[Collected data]

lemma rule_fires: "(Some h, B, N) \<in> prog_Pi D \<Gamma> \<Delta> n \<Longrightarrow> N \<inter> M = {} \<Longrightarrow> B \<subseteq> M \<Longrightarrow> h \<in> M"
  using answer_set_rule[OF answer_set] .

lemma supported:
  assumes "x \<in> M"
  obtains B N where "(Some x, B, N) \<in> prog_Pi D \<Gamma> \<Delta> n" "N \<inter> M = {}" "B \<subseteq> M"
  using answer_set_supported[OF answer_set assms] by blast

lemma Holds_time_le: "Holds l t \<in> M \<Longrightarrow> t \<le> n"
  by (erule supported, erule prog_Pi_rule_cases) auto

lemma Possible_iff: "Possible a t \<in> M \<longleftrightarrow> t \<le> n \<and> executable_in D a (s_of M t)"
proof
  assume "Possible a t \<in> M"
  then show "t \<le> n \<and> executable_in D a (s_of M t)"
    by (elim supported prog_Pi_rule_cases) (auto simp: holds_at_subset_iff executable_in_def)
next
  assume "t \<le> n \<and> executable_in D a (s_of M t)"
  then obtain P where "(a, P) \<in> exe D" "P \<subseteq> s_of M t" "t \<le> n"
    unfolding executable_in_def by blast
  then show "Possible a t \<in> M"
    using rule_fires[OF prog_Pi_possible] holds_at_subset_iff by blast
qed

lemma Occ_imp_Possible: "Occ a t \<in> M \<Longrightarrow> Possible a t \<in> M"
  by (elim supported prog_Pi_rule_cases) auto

...

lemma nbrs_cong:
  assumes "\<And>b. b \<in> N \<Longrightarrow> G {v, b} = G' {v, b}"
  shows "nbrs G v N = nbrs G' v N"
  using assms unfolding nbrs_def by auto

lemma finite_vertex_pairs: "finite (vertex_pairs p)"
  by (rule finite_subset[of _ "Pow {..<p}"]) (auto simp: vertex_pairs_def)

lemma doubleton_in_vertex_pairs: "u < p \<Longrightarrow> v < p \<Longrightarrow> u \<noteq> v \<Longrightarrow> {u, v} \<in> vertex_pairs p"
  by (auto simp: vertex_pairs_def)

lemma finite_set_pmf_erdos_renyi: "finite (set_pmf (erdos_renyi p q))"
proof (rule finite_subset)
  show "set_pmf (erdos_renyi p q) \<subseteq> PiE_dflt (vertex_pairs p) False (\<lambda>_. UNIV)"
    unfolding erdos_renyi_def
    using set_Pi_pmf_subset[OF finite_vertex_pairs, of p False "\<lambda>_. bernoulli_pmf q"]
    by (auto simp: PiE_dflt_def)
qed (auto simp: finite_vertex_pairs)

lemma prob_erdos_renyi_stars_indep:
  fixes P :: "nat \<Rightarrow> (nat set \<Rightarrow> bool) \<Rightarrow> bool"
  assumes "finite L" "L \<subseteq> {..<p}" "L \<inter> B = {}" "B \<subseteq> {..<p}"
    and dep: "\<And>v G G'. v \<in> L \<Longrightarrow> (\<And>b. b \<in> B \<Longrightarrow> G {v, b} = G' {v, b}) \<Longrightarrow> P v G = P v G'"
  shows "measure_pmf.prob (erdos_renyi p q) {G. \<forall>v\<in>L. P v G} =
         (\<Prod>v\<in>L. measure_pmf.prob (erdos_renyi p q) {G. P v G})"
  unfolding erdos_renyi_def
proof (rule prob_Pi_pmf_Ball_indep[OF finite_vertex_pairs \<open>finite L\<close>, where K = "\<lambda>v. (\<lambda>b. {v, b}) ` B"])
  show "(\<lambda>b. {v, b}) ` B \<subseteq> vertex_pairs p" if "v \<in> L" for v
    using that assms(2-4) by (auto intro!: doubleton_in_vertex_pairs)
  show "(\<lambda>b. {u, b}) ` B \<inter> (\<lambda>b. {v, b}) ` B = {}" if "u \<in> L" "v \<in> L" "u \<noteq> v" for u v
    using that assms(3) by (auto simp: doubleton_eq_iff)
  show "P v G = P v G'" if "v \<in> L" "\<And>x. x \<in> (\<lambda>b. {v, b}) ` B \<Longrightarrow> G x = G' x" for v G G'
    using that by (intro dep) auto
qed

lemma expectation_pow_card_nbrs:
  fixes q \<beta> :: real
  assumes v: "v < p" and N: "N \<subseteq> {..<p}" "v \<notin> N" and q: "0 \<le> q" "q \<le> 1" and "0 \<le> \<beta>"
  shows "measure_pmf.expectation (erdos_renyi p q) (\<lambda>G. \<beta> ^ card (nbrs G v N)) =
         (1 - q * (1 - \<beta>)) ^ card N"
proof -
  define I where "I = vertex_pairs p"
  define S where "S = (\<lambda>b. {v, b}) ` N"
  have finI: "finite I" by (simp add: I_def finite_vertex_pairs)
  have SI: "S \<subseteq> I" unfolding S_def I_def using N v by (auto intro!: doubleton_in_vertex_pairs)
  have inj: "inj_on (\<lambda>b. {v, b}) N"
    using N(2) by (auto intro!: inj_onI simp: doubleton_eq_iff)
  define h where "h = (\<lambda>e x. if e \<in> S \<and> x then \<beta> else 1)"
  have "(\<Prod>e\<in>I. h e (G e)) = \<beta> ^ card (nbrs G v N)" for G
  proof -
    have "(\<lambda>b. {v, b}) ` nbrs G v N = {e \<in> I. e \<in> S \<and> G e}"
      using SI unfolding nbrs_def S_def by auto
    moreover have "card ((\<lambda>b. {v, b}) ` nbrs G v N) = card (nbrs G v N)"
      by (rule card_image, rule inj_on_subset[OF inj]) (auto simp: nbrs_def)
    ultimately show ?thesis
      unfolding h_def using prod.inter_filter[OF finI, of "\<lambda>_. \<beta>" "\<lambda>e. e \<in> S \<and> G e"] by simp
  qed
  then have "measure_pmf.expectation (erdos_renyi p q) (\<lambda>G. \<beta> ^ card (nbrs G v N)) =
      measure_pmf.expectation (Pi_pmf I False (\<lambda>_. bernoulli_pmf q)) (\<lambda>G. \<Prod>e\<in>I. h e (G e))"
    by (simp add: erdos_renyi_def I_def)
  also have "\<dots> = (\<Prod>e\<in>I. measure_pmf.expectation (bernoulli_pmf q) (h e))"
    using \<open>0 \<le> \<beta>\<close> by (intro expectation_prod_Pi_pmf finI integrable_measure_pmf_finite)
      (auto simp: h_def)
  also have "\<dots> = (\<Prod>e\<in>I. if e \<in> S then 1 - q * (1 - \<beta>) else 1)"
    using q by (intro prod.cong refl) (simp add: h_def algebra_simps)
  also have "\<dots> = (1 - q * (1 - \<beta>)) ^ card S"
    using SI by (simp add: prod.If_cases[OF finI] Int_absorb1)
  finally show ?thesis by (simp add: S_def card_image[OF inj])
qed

### Exercise prompt
Check each line of the records above for the string "proof", and report every line that has it.

### Solution to the exercise
proof
proof (rule finite_subset)
proof (rule prob_Pi_pmf_Ball_indep[OF finite_vertex_pairs \<open>finite L\<close>, where K = "\<lambda>v. (\<lambda>b. {v, b}) ` B"])
proof -
  proof -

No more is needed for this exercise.